Injury Watch: Frank Francisco is now active, and is worth adding once the team shows they’re willing to use him to close games. He did allow six runs in five minor league innings, so exercise a little bit of caution in the early going … Brandon Morrow is also set to return this week. The strikeout machine is worth an add in all leagues.
Who’s Hot: Inherent in any fantasy baseball column is propagating the willful ignorance of the danger of small sample sizes. So it’s with no small amount of trepidation that I tell you that Jason Marquis is actually pitching extraordinarily well (~7.00 K/9, <2.00 BB/9, 2.65 FIP). That’s partly because I really dislike Jason Marquis, and partly because I’m adamant that there’s no way he continues to perform this well. That said, I … ah, boy. I guess you could do worse than adding Marquis.
Excuse me. I need a moment.
Yeah, so, anyway: Livan Hernandez is also doing really well, and —
Wait, what the hell? I literally cannot believe that I just praised the performances of Jason Marquis and LIvan Hernandez, let alone in the year 2011. Look: there are times when you need to let your heart guide you. This is one of those times: please, for the sake of all that is good in the world, do not add these pitchers to your team. If you must have a Nationals pitcher, look to Jordan Zimmermann, who’s ridden the power of the extra ‘n’ to a 2.45 ERA*, or Sean Burnett, who’s closed out three games and has yet to walk a batter … As for the hitters, former Twins prospect Wilson Ramos has gotten off to a rip-roaring start that, while aided by a .545(!) BABIP, has established him as at least capable of delivering on some of his promise this season. I don’t recommend selling out on your current catcher to add him, but he’s someone to keep an eye on … A lot of Danny Espinosa‘s value is coming from the two homers he’s hit and .512 SLG that he’s posted so far, but neither of those are sustainable. Don’t be fooled into giving up valuable pieces for him until he fixes that .256 AVG … Ian Desmond, Espinosa’s double-play mate, has two homers and six steals, but is hitting a pitcher-esque .217/.266/.383. He’s better than that, but not by much.

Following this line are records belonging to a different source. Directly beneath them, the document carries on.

(* Let $T>0$, $0\leq t<T$, $\tau=T-t$, $r\geq 0$, $\sigma>0$, $n\in\mathbb{N}$, and let $S_t>0$ and $M_t>0$ with $M_t\geq S_t$. Put $u=e^{\sigma\sqrt{\tau/n}}$, $d=u^{-1}$, $q=\frac{u-e^{-r\tau/n}}{u-d}$ and $j_0=\frac{\log(M_t/S_t)}{\sigma\sqrt{\tau/n}}$. Let $\Lambda^{j_0}_{j,k,n}$ and $J$ be as in the context, and define the discrete (Cheuk–Vorst) price of the European lookback put with floating strike at time $t$ by \[ P^{fl}_n(t) = S_t \sum_{j\in J} (u^{j}-1)\sum_{k=0}^n \Lambda^{j_0}_{j,k,n}\, (1-q)^{k}q^{n-k}. \] Then $P^{fl}_n(t) = S_t(V_1-V_2+V_3)$, where, with $k_{\min}=n-\lfloor \frac{n+j_0}{2}\rfloor$ and $k_{\max}=k_{\max}(j)=\lfloor\frac{n-\lfloor j_0\rfloor-1+j}{2}\rfloor$, \begin{align*} V_1&=\sum_{k=k_{\min}}^{n}(u^{j_0+2k-n}-1) \binom{n}{k}(1-q)^{k}q^{n-k},\\ V_2&=\sum_{k=k_{\min}}^{n-\lfloor j_0\rfloor-1} (u^{j_0+2k-n}-1)\binom{n}{k+\lfloor j_0\rfloor+1}(1-q)^{k}q^{n-k},\\ V_3&=\sum_{j=0}^{n-\lfloor j_0\rfloor-1}(u^{j}-1) \sum_{k=j}^{k_{\max}}\Big[\binom{n}{k-j}-\binom{n}{k-j-1}\Big] (1-q)^{k}q^{n-k}. \end{align*}
   Context: Here $S_t$ is the current price of the underlying and $M_t=\max_{t^*\leq t}S_{t^*}$ its running maximum since emission. Consider the directed graph with initial node $(0,j_0)$ in which, from each node $(m,j_m)$ with $0\leq m<n$, there are exactly two edges: an "up" edge to $(m+1,j_m+1)$ and a "down" edge to $(m+1,\max(j_m-1,0))$. $\Lambda^{j_0}_{j,k,n}$ is the number of paths from $(0,j_0)$ to $(n,j)$ with exactly $k$ up jumps, and $J$ is the set of levels $j$ such that $(n,j)$ is reachable from $(0,j_0)$. $\lfloor x\rfloor$ is the integer part; binomial coefficients $\binom{n}{i}$ are $0$ for $i<0$ or $i>n$. *)

theory Defs
  imports Complex_Main
begin

text \<open>Paths in the directed graph: a path of length n from (0,j0) is a list of
  n moves, True = up edge, False = down edge. Levels are real numbers, since
  j0 = log(M/S)/(sigma*sqrt(tau/n)) need not be an integer.\<close>

fun level :: "real \<Rightarrow> bool list \<Rightarrow> real" where
  "level j [] = j"
| "level j (b # bs) = level (if b then j + 1 else max (j - 1) 0) bs"

definition Lambda :: "real \<Rightarrow> real \<Rightarrow> nat \<Rightarrow> nat \<Rightarrow> nat" where
  "Lambda j0 j k n =
     card {ps :: bool list. length ps = n \<and> count_list ps True = k \<and> level j0 ps = j}"

definition reachJ :: "real \<Rightarrow> nat \<Rightarrow> real set" where
  "reachJ j0 n = {level j0 ps | ps :: bool list. length ps = n}"

definition binom :: "nat \<Rightarrow> int \<Rightarrow> real" where
  "binom n i = (if i < 0 \<or> i > int n then 0 else real (n choose nat i))"

end

theory Submission
  imports Defs
begin

text \<open>A path with k up moves out of n ends at s = 2k - n; let m \<le> 0 be the minimum of its
  partial sums. The walk reflected at 0 and started at j0 \<ge> 0 ends at max (j0 + s) (s - m).
  So the paths with m \<ge> -\<lfloor>j0\<rfloor> end at j0 + 2k - n, which produces V1 - V2, and all others
  end at the integer level s - m, which produces V3. The counts come from the reflection
  principle: of the paths with k up moves, those whose minimum reaches a level -c < min 0 s
  number binom n (k + c). Finally the sum over J and k is regrouped as a sum over paths.\<close>

fun walk_sum :: "bool list \<Rightarrow> int" where
  "walk_sum [] = 0"
| "walk_sum (b # bs) = (if b then 1 else -1) + walk_sum bs"

fun walk_min :: "bool list \<Rightarrow> int" where
  "walk_min [] = 0"
| "walk_min (b # bs) = min 0 ((if b then 1 else -1) + walk_min bs)"

lemma walk_min_nonpos: "walk_min ps \<le> 0"
  by (cases ps) auto

lemma walk_min_le_walk_sum: "walk_min ps \<le> walk_sum ps"
  by (induction ps) auto

lemma walk_min_Cons_False: "walk_min (False # bs) = walk_min bs - 1"
  using walk_min_nonpos[of bs] by simp

lemma walk_sum_eq_count: "walk_sum ps = 2 * int (count_list ps True) - int (length ps)"
  by (induction ps) auto

lemma walk_min_ge_count: "int (count_list ps True) - int (length ps) \<le> walk_min ps"
  by (induction ps) (use count_le_length in fastforce)+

*Well, if you can look at a sub-5.00 K rate and give me a better explanation, I’m all ears
Who’s Not: Drew Storen, a popular choice for late-round saves, has been bumped from the closer role and has no value to your roto team … Jayson Werth is off to a miserable .200/.302/.382 start, but I’m encouraged by the 102-point difference between his average and OBP. He’s still seeing his pitches, and has two HR and SB. Be patient — after all, it’s not like you paid $126MM to him … I don’t know if any of you thought Mike Morse or Rick Ankiel would be valuable this season, but they’re doing a very good job of proving that they will not be.

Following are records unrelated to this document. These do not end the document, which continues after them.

lemma blocks_ending_after_extend_block:
  assumes "y < x"
  shows "blocks_ending_after (extend_block P x B) y =
    (if y < Max B then blocks_ending_after P y else blocks_ending_after P y + 1)"
proof -
  have "Max (insert x B) = x"
    using finite_block[OF block] block_nonempty[OF block] Max_block_less[OF block] by simp
  then have "{C \<in> extend_block P x B. y < Max C} = insert (insert x B) ({C \<in> P. y < Max C} - {B})"
    unfolding extend_block_def using assms by auto
  moreover have "card ({C \<in> P. y < Max C} - {B}) =
    (if y < Max B then card {C \<in> P. y < Max C} - 1 else card {C \<in> P. y < Max C})"
    using block finite_blocks by (simp add: card_Diff_singleton_if)
  moreover have "y < Max B \<Longrightarrow> 0 < card {C \<in> P. y < Max C}"
    using block finite_blocks by (auto simp: card_gt_0_iff)
  ultimately show ?thesis
    unfolding blocks_ending_after_def using extended_block_notin_blocks finite_blocks by auto
qed

lemma blocks_ending_after_extend_block_Max: "blocks_ending_after (extend_block P x B) (Max B) = block_rank P B"
  using blocks_ending_after_extend_block[OF Max_block_less[OF block]]
    blocks_ending_after_Max[OF block] block_rank_pos[OF block] by simp

lemma lab_extend_block_unaffected:
  assumes "2 \<le> j" "\<not> lab P (j - 1) \<le> block_rank P B"
  shows "lab (extend_block P x B) j = lab P j"
proof (cases "nesting_starts P j = {}")
  case True
  then show ?thesis
    using assms by (simp add: lab_eq_blocks_ending_after nesting_starts_extend_block card_extend_block)
next
  case False
  define s where "s = Max (nesting_starts P j)"
  have s: "s \<in> nesting_starts P j" using False finite_nesting_starts s_def by simp
  obtain t where "s < t" "t \<in> nesting_starts P (j - 1)"
    using nesting_starts_Suc_SucD[of s "j - 2"] s assms(1) by (auto simp: numeral_2_eq_2 Suc_diff_Suc)
  moreover have "\<not> (\<exists>t>Max B. t \<in> nesting_starts P (j - 1))"
    using later_nesting_start_iff[OF block] assms(2) by blast
  ultimately have "s < Max B" by (meson le_less_trans not_le)
  then show ?thesis
    using assms False nesting_start_less[OF s]
    by (simp add: lab_eq_blocks_ending_after nesting_starts_extend_block
        blocks_ending_after_extend_block s_def[symmetric])
qed

lemma lab_extend_block_affected:
  assumes "1 \<le> j" "j = 1 \<or> lab P (j - 1) \<le> block_rank P B"
  shows "lab (extend_block P x B) j = min (block_rank P B) (lab P j) + 1"
proof -
  have starts: "nesting_starts (extend_block P x B) j = insert (Max B) (nesting_starts P j)"
    using nesting_starts_extend_block assms by simp
  show ?thesis
  proof (cases "nesting_starts P j = {}")
    case True
    then show ?thesis
      using block_rank_le_card[of B]
      by (simp add: lab_eq_blocks_ending_after starts blocks_ending_after_extend_block_Max)
  next
    case False
    define s where "s = Max (nesting_starts P j)"
    have s: "s \<in> nesting_starts P j" using False finite_nesting_starts s_def by simp
    have lab_P: "lab P j = 1 + blocks_ending_after P s"
      using False by (simp add: lab_eq_blocks_ending_after s_def)
    have Max_starts: "Max (insert (Max B) (nesting_starts P j)) = max (Max B) s"
      using False finite_nesting_starts s_def by simp
    have rank_iff: "block_rank P B \<le> blocks_ending_after P s \<longleftrightarrow> s < Max B"
      using block_rank_le_blocks_ending_after_iff[OF block] nesting_start_ne_Max_block[OF s] by blast
    consider "s < Max B" | "Max B < s"
      using nesting_start_ne_Max_block[OF s block] by linarith
    then show ?thesis
    proof cases
      case 1
      then show ?thesis
        using rank_iff lab_P Max_starts
        by (simp add: lab_eq_blocks_ending_after starts blocks_ending_after_extend_block_Max)
    next
      case 2
      then show ?thesis
        using rank_iff lab_P Max_starts nesting_start_less[OF s]
        by (simp add: lab_eq_blocks_ending_after starts blocks_ending_after_extend_block)
    qed
  qed
qed

lemma has_nesting_extend_block_iff:
  assumes "1 \<le> m"
  shows "has_nesting (extend_block P x B) (Suc m) \<longleftrightarrow>
    has_nesting P (Suc m) \<or> lab P m \<le> block_rank P B"
  using assms by (simp add: has_nesting_iff_nesting_starts nesting_starts_extend_block)

end

lemma notin_block: "B \<in> P \<Longrightarrow> x \<notin> B"
  using block_subset notin_ground by blast

lemma extend_block_inj:
  assumes "B \<in> P" "C \<in> P" "extend_block P x B = extend_block P x C"
  shows "B = C"
proof -
  have "insert x B \<in> extend_block P x B"
    by (simp add: extend_block_def)
  then have "insert x B \<in> extend_block P x C"
    using assms(3) by simp
  then have "insert x B = insert x C"
    using extended_block_notin_blocks[OF assms(1)] unfolding extend_block_def by blast
  then show ?thesis
    using notin_block assms(1,2) by (simp add: insert_ident)
qed

lemma extend_block_ne_insert_singleton:
  assumes "B \<in> P" shows "extend_block P x B \<noteq> insert {x} P"
proof
  assume "extend_block P x B = insert {x} P"
  moreover have "insert x B \<in> extend_block P x B"
    by (simp add: extend_block_def)
  ultimately have "insert x B \<in> insert {x} P"
    by simp
  then have "B \<subseteq> {x}"
    using extended_block_notin_blocks[OF assms] by blast
  then show False
    using notin_block[OF assms] block_nonempty[OF assms] by auto
qed

lemma partition_on_extensions:
  "Q \<in> insert (insert {x} P) (extend_block P x ` P) \<Longrightarrow> partition_on (insert x ground) Q"
  using partition_on_insert_singleton[OF partition notin_ground]
    partition_on_extend_block[OF partition _ notin_ground] by auto

lemma nonnesting_extensions:
  assumes "1 \<le> m" "\<not> has_nesting P (Suc m)"
  shows "{Q \<in> insert (insert {x} P) (extend_block P x ` P). \<not> has_nesting Q (Suc m)} =
    insert (insert {x} P) ((\<lambda>l. extend_block P x (blk P l)) ` {1..<lab P m})"
proof -
  have "\<not> has_nesting (insert {x} P) (Suc m)"
    using assms(2) by (simp add: has_nesting_iff_nesting_starts nesting_starts_insert_singleton)
  then have "{Q \<in> insert (insert {x} P) (extend_block P x ` P). \<not> has_nesting Q (Suc m)} =
    insert (insert {x} P) (extend_block P x ` {B \<in> P. \<not> has_nesting (extend_block P x B) (Suc m)})"
    by blast
  also have "{B \<in> P. \<not> has_nesting (extend_block P x B) (Suc m)} = blk P ` {1..<lab P m}"
    using has_nesting_extend_block_iff assms blk_image[OF lab_le_Suc_card] by auto
  finally show ?thesis by (simp add: image_image)
qed

lemma card_nonnesting_extensions:
  assumes "1 \<le> a" "a \<le> card P + 1"
  shows "card (insert (insert {x} P) ((\<lambda>l. extend_block P x (blk P l)) ` {1..<a})) = a"
proof -
  have blk: "blk P l \<in> P" "block_rank P (blk P l) = l" if "l \<in> {1..<a}" for l
    using that assms(2) blk_in_blocks by auto
  have "inj_on (\<lambda>l. extend_block P x (blk P l)) {1..<a}"
  proof (rule inj_onI)
    fix k l assume "k \<in> {1..<a}" "l \<in> {1..<a}"
      and "extend_block P x (blk P k) = extend_block P x (blk P l)"
    then have "blk P k = blk P l"
      using blk(1) by (intro extend_block_inj)
    then show "k = l"
      using blk(2) \<open>k \<in> {1..<a}\<close> \<open>l \<in> {1..<a}\<close> by metis
  qed
  moreover have "insert {x} P \<notin> (\<lambda>l. extend_block P x (blk P l)) ` {1..<a}"
    using blk(1) extend_block_ne_insert_singleton by force
  ultimately show ?thesis
    using assms(1) by (simp add: card_image)
qed

text \<open>The condition on \<open>l\<close> reads \<open>a\<^sub>j\<^sub>-\<^sub>1 \<le> l\<close> with \<open>a\<^sub>0 = 1\<close>; note that \<open>lab P 0\<close> is
\<open>card P + 1\<close>, not 1.\<close>

lemma lab_extend_block_blk:
  assumes "1 \<le> j" "(if j = 1 then 1 else lab P (j - 1)) \<le> l" "l < lab P j" "1 \<le> i"
  shows "lab (extend_block P x (blk P l)) i =
    (if i < j then lab P i + 1 else if i = j then l + 1 else lab P i)"
proof -
  have "1 \<le> l" using assms(2) lab_pos[of P "j - 1"] by (auto split: if_splits)
  moreover have "l \<le> card P" using assms(3) lab_le_Suc_card[of j] by simp
  ultimately have B: "blk P l \<in> P" "block_rank P (blk P l) = l" using blk_in_blocks by auto
  have below_l: "j = 1 \<or> lab P (j - 1) \<le> l" using assms(2) by (auto split: if_splits)
  consider "i < j" | "i = j" | "j < i" by linarith
  then show ?thesis
  proof cases
    case 1
    then have "lab P i \<le> lab P (j - 1)" using assms(4) lab_mono by simp
    then have "lab P i \<le> l" using 1 assms(4) below_l by auto
    moreover have "i = 1 \<or> lab P (i - 1) \<le> lab P i"
      using assms(4) lab_mono[of "i - 1" i] by (cases "i = 1") auto
    ultimately show ?thesis using 1 B assms(4) by (auto simp: lab_extend_block_affected)
  next
    case 2
    then show ?thesis using B below_l assms by (simp add: lab_extend_block_affected)
  next
    case 3
    then have "lab P j \<le> lab P (i - 1)" using assms(1) lab_mono by simp
    then show ?thesis using 3 B assms by (simp add: lab_extend_block_unaffected)
  qed
qed

end

lemma set_partition_extension: "is_set_partition n P \<Longrightarrow> nat_partition_extension {1..n} P (Suc n)"
  unfolding is_set_partition_def by unfold_locales auto

lemma extensions_eq: "extensions P n = insert (add_singleton P n) (extend_block P (Suc n) ` P)"
  unfolding extensions_def extend_block_def by auto

lemma add_to_block_eq: "add_to_block P n = (\<lambda>l. extend_block P (Suc n) (blk P l))"
  by (simp add: fun_eq_iff add_to_block_def extend_block_def)

lemma Pi_m_Suc_extension_iff:
  assumes "is_set_partition n P" "Q \<in> extensions P n"
  shows "Q \<in> Pi_m m (Suc n) \<longleftrightarrow> \<not> has_nesting Q (Suc m)"
proof -
  interpret nat_partition_extension "{1..n}" P "Suc n"
    using set_partition_extension[OF assms(1)] .
  show ?thesis
    using partition_on_extensions assms(2)
    by (auto simp: Pi_m_def is_set_partition_def extensions_eq add_singleton_def atLeastAtMostSuc_conv)
qed

theorem proposition1:
  fixes m n :: nat and P :: "nat set set"
  assumes "m \<ge> 1" and "P \<in> Pi_m m n"
  defines "a \<equiv> lab P"
  shows "{Q \<in> extensions P n. Q \<in> Pi_m m (Suc n)}
           = insert (add_singleton P n) (add_to_block P n ` {1..<a m}) \<and>
         card {Q \<in> extensions P n. Q \<in> Pi_m m (Suc n)} = a m \<and>
         (\<forall>j\<in>{1..m}. lab (add_singleton P n) j = a j + 1) \<and>
         (\<forall>l. 1 \<le> l \<and> l < a 1 \<longrightarrow>
           lab (add_to_block P n l) 1 = l + 1 \<and>
           (\<forall>i\<in>{2..m}. lab (add_to_block P n l) i = a i)) \<and>
         (\<forall>j\<in>{2..m}. \<forall>l. a (j - 1) \<le> l \<and> l < a j \<longrightarrow>
           (\<forall>i\<in>{1..m}. lab (add_to_block P n l) i =
              (if i < j then a i + 1 else if i = j then l + 1 else a i)))"
proof -
  have set_partition: "is_set_partition n P" and nonnesting: "\<not> has_nesting P (Suc m)"
    using assms(2) by (auto simp: Pi_m_def)
  interpret nat_partition_extension "{1..n}" P "Suc n"
    using set_partition_extension[OF set_partition] .
  have "{Q \<in> extensions P n. Q \<in> Pi_m m (Suc n)} = {Q \<in> extensions P n. \<not> has_nesting Q (Suc m)}"
    using Pi_m_Suc_extension_iff[OF set_partition] by blast
  also have "\<dots> = insert (add_singleton P n) (add_to_block P n ` {1..<a m})"
    unfolding extensions_eq add_singleton_def add_to_block_eq a_def
    using nonnesting_extensions[OF assms(1) nonnesting] .
  finally have admissible: "{Q \<in> extensions P n. Q \<in> Pi_m m (Suc n)} =
      insert (add_singleton P n) (add_to_block P n ` {1..<a m})" .
  moreover have "card {Q \<in> extensions P n. Q \<in> Pi_m m (Suc n)} = a m"
    unfolding admissible a_def add_singleton_def add_to_block_eq
    using card_nonnesting_extensions lab_pos lab_le_Suc_card by simp
  moreover have "\<forall>j\<in>{1..m}. lab (add_singleton P n) j = a j + 1"
    by (simp add: lab_insert_singleton a_def add_singleton_def)
  moreover have "\<forall>l. 1 \<le> l \<and> l < a 1 \<longrightarrow> lab (add_to_block P n l) 1 = l + 1 \<and>
      (\<forall>i\<in>{2..m}. lab (add_to_block P n l) i = a i)"
    using lab_extend_block_blk[of 1] by (simp add: a_def add_to_block_eq)
  moreover have "\<forall>j\<in>{2..m}. \<forall>l. a (j - 1) \<le> l \<and> l < a j \<longrightarrow>
      (\<forall>i\<in>{1..m}. lab (add_to_block P n l) i = (if i < j then a i + 1 else if i = j then l + 1 else a i))"
  proof (intro ballI allI impI)
    fix j l i assume "j \<in> {2..m}" "a (j - 1) \<le> l \<and> l < a j" "i \<in> {1..m}"
    then show "lab (add_to_block P n l) i = (if i < j then a i + 1 else if i = j then l + 1 else a i)"
      using lab_extend_block_blk[of j l i] by (simp add: a_def add_to_block_eq)
  qed
  ultimately show ?thesis by (intro conjI)
qed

Injury Update: The most recent information I can find on Ryan Zimmerman‘s abdominal strain is from a week ago, which says that he might be ready to come off the DL the first day he’s eligible to do so, April 24th. But Zimmerman’s tone in the article, as well as the headline (suggesting that the team isn’t going to rush him) tells me not to expect him back until the calendar reads May.